Task objective: Only an exact repetition of the entries will do.

The data:
+ + + + + + +

(* Under the hypotheses of theorem:ConvergenceRatesSparsityFull (with $1\le p\le2$), one has $\|s^\alpha-s^\ast\|=\mathcal{O}(\sqrt{\delta+\epsilon})$ as $\delta+\epsilon\to0$.
   Context: The hypotheses are: sparsity setting with $X,Y,Z$ Hilbert spaces, $B:X\times Y\to Z$ bilinear with $\|B(c,s)\|\le C\|c\|\|s\|$ and sequentially weak-weak continuous, $P:Y\to Y_n\subset Y$ linear bounded ($Y_n$ finite-dimensional), $s_{\mathrm{calib}}\in Y_n$, $\mathcal{R}_s:Y\to[0,\infty)$ proper convex weakly lower semi-continuous, $\{\varphi_i\}$ an orthonormal basis of $X$, $1\le w_i<\infty$, $\Phi_p(c)=\sum_iw_i|\langle c,\varphi_i\rangle|^p$, fixed $\gamma>0$, $\nu_1,\nu_2>0$, $\tilde{\mathcal{R}}(c,s)=\Phi_p(c)+\frac{\nu_2}{2}\|P(s)-s_{\mathrm{calib}}\|^2+\nu_1\mathcal{R}_s(s)$, $J^{u,s_m}_{\alpha,\beta,\mu}(c,s)=\frac12\|B(c,s)-u\|^2+\frac{\gamma}{2}\|s-s_m\|^2+\frac{\mu}{2}\|P(s)-s_{\mathrm{calib}}\|^2+\alpha\Phi_p(c)+\beta\mathcal{R}_s(s)$; $u^\ast=B(c^\ast,s^\ast)$ with $c^\ast\in\arg\min\{\Phi_p(c):B(c,s^\ast)=u^\ast\}$ and $\Phi_p(c^\ast)<\infty$; $\|u^\ast-u_\delta\|\le\delta$, $\|s^\ast-s_{\mathrm{mod},\epsilon}\|\le\epsilon$; there exist $\kappa_1\in[0,1)$, $\kappa_2\ge0$, $0\le\kappa_3<\min\{1,\gamma/(2\alpha_{\max})\}$, $\xi^\ast\in\partial\tilde{\mathcal{R}}(c^\ast,s^\ast)$ with $\langle\xi^\ast,(c^\ast-c,s^\ast-s)\rangle\le\kappa_1D^{\xi^\ast}_{\tilde{\mathcal{R}}}((c,s),(c^\ast,s^\ast))+\kappa_2\|B(c,s)-B(c^\ast,s^\ast)\|+\kappa_3\|s-s^\ast\|^2$ for all $(c,s)$, where $D^{\xi}_{\mathcal{R}}(x,x^\ast)=\mathcal{R}(x)-\mathcal{R}(x^\ast)-\langle\xi,x-x^\ast\rangle$; $(c^\alpha,s^\alpha)$ minimizes $J^{u_\delta,s_{\mathrm{mod},\epsilon}}_{\alpha,\nu_1\alpha,\nu_2\alpha}$, $0<\alpha\le\alpha_{\max}$, and $m(\delta+\epsilon)\le\alpha\le M(\delta+\epsilon)$ for constants $0<m\le M$. *)

theory Defs
  imports "HOL-Analysis.Analysis"
begin

definition weakly_conv :: "(nat \<Rightarrow> 'a::real_inner) \<Rightarrow> 'a \<Rightarrow> bool" where
  "weakly_conv x l \<longleftrightarrow> (\<forall>v. (\<lambda>n. x n \<bullet> v) \<longlonglongrightarrow> l \<bullet> v)"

+ + + + + + +

Answer to this problem:
(* Under the hypotheses of theorem:ConvergenceRatesSparsityFull (with $1\le p\le2$), one has $\|s^\alpha-s^\ast\|=\mathcal{O}(\sqrt{\delta+\epsilon})$ as $\delta+\epsilon\to0$.
   Context: The hypotheses are: sparsity setting with $X,Y,Z$ Hilbert spaces, $B:X\times Y\to Z$ bilinear with $\|B(c,s)\|\le C\|c\|\|s\|$ and sequentially weak-weak continuous, $P:Y\to Y_n\subset Y$ linear bounded ($Y_n$ finite-dimensional), $s_{\mathrm{calib}}\in Y_n$, $\mathcal{R}_s:Y\to[0,\infty)$ proper convex weakly lower semi-continuous, $\{\varphi_i\}$ an orthonormal basis of $X$, $1\le w_i<\infty$, $\Phi_p(c)=\sum_iw_i|\langle c,\varphi_i\rangle|^p$, fixed $\gamma>0$, $\nu_1,\nu_2>0$, $\tilde{\mathcal{R}}(c,s)=\Phi_p(c)+\frac{\nu_2}{2}\|P(s)-s_{\mathrm{calib}}\|^2+\nu_1\mathcal{R}_s(s)$, $J^{u,s_m}_{\alpha,\beta,\mu}(c,s)=\frac12\|B(c,s)-u\|^2+\frac{\gamma}{2}\|s-s_m\|^2+\frac{\mu}{2}\|P(s)-s_{\mathrm{calib}}\|^2+\alpha\Phi_p(c)+\beta\mathcal{R}_s(s)$; $u^\ast=B(c^\ast,s^\ast)$ with $c^\ast\in\arg\min\{\Phi_p(c):B(c,s^\ast)=u^\ast\}$ and $\Phi_p(c^\ast)<\infty$; $\|u^\ast-u_\delta\|\le\delta$, $\|s^\ast-s_{\mathrm{mod},\epsilon}\|\le\epsilon$; there exist $\kappa_1\in[0,1)$, $\kappa_2\ge0$, $0\le\kappa_3<\min\{1,\gamma/(2\alpha_{\max})\}$, $\xi^\ast\in\partial\tilde{\mathcal{R}}(c^\ast,s^\ast)$ with $\langle\xi^\ast,(c^\ast-c,s^\ast-s)\rangle\le\kappa_1D^{\xi^\ast}_{\tilde{\mathcal{R}}}((c,s),(c^\ast,s^\ast))+\kappa_2\|B(c,s)-B(c^\ast,s^\ast)\|+\kappa_3\|s-s^\ast\|^2$ for all $(c,s)$, where $D^{\xi}_{\mathcal{R}}(x,x^\ast)=\mathcal{R}(x)-\mathcal{R}(x^\ast)-\langle\xi,x-x^\ast\rangle$; $(c^\alpha,s^\alpha)$ minimizes $J^{u_\delta,s_{\mathrm{mod},\epsilon}}_{\alpha,\nu_1\alpha,\nu_2\alpha}$, $0<\alpha\le\alpha_{\max}$, and $m(\delta+\epsilon)\le\alpha\le M(\delta+\epsilon)$ for constants $0<m\le M$. *)

theory Defs
  imports "HOL-Analysis.Analysis"
begin

definition weakly_conv :: "(nat \<Rightarrow> 'a::real_inner) \<Rightarrow> 'a \<Rightarrow> bool" where
  "weakly_conv x l \<longleftrightarrow> (\<forall>v. (\<lambda>n. x n \<bullet> v) \<longlonglongrightarrow> l \<bullet> v)"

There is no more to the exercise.